The Best School in Jerusalem: Annie Landau’s School for Girls, 1900–1960
Laura S. Schor
E-book: $39.99
"What emerges from Schor's portrait of Landau is a woman with extremely modern, cosmopolitan values and a stubborn desire to have her way."
Tablet
Laura Schor provides fascinating insights into the history of education, of women, and of social life in the holy city in the late Ottoman, British Mandatory, and early Israeli periods of rule. This thoroughly researched and admirably readable book paints a vivid picture of half-forgotten aspects of life in Jerusalem a century ago.
—Tablet
Laura Schor's The Best School in Jerusalem is an excellent and original piece of scholarship. Schor enriches our understanding of the education of Jewish women in Jerusalem during the late Ottoman and British Mandate period, and the way that the Evelina de Rothschild School and especially headmistress Annie Landau shaped the identities of young Jewish girls.
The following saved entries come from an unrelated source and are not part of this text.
section \<open>Exchanging covers\<close>

definition splice_at :: "nat set \<Rightarrow> nat set \<Rightarrow> nat \<Rightarrow> nat set" where
  "splice_at P Q k = {t \<in> P. t \<le> k} \<union> {t \<in> Q. k < t}"

lemma mem_splice_at [simp]: "t \<in> splice_at P Q k \<longleftrightarrow> (if t \<le> k then t \<in> P else t \<in> Q)"
  by (auto simp: splice_at_def)

lemma finite_splice_at: "finite P \<Longrightarrow> finite Q \<Longrightarrow> finite (splice_at P Q k)"
  unfolding splice_at_def by simp

lemma splice_at_min_cover:
  assumes P: "is_min_vertex_cover m P" and Q: "is_min_vertex_cover m Q"
    and k: "1 \<le> k" "k < m" and seam: "(k \<in> P) \<noteq> (Suc k \<in> Q)"
  shows "is_min_vertex_cover m (splice_at P Q k)"
proof (rule is_min_vertex_coverI)
  show "splice_at P Q k \<subseteq> {1..m}"
    using min_cover_subset[OF P] min_cover_subset[OF Q] unfolding splice_at_def by auto
next
  fix i assume "1 \<le> i" "i < m"
  then show "i \<in> splice_at P Q k \<or> Suc i \<in> splice_at P Q k"
    using min_cover_edge[OF P, of i] min_cover_edge[OF Q, of i] seam by (cases "i = k") auto
next
  fix t assume t: "t \<in> splice_at P Q k"
  consider "t < k" | "t = k" | "t = Suc k" | "Suc k < t" by linarith
  then show "(1 < t \<and> t - 1 \<notin> splice_at P Q k) \<or> (t < m \<and> Suc t \<notin> splice_at P Q k)"
  proof cases
    case 1
    then show ?thesis using t min_cover_private_edge[OF P, of t] by auto
  next
    case 4
    then show ?thesis using t min_cover_private_edge[OF Q, of t] by auto
  qed (use t seam k in auto)
qed

lemma count_mset_set_of_bool: "finite S \<Longrightarrow> count (mset_set S) t = of_bool (t \<in> S)"
  by simp

locale min_cover_deficit =
  fixes m k :: nat and A B C D :: "nat set"
  assumes min_covers: "is_min_vertex_cover m A" "is_min_vertex_cover m B"
      "is_min_vertex_cover m C" "is_min_vertex_cover m D"
    and dominated: "\<And>t. of_bool (t \<in> C) + of_bool (t \<in> D) \<le> (of_bool (t \<in> A) + of_bool (t \<in> B) :: nat)"
    and deficit: "of_bool (k \<in> C) + of_bool (k \<in> D) < (of_bool (k \<in> A) + of_bool (k \<in> B) :: nat)"
    and agree_above:
      "\<And>t. k < t \<Longrightarrow> of_bool (t \<in> C) + of_bool (t \<in> D) = (of_bool (t \<in> A) + of_bool (t \<in> B) :: nat)"
begin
It is a welcomed contribution to the field of Jewish women's history, the history of education, and Jerusalem's social history.
—Ela Greenberg
Schor has written a book that, with its copious notes, index and extensive bibliography, will please academics; at the same time, her literate, yet easy and almost intimate style will delight the lay reader. Her use of contemporary letters, collections, reports, reminiscences and newspaper articles adds a feeling of immediacy to shocking events, such as the Arab riots of 1929, that disrupt life in Jerusalem.
—Jerusalem Post
With scope and delightful detail, Schor charts the educator Annie Landau’s determination to build communal strength and opportunities among Jews in Jerusalem by providing quality education for girls. Utilizing archival sources and myriad in-person interviews with ‘Evelina’ graduates, Schor chronicles the broad-reaching vision of Landau, who combined religious goals with secular reforms to foster generations of girls and left a long-lasting legacy upon the development of modern Jerusalem.
—Barbara Bair
LAURA S. SCHOR is professor of history at Hunter College and the CUNY Graduate School. She is the author of several books, including The Life and Legacy of the Baroness Betty de Rothschild.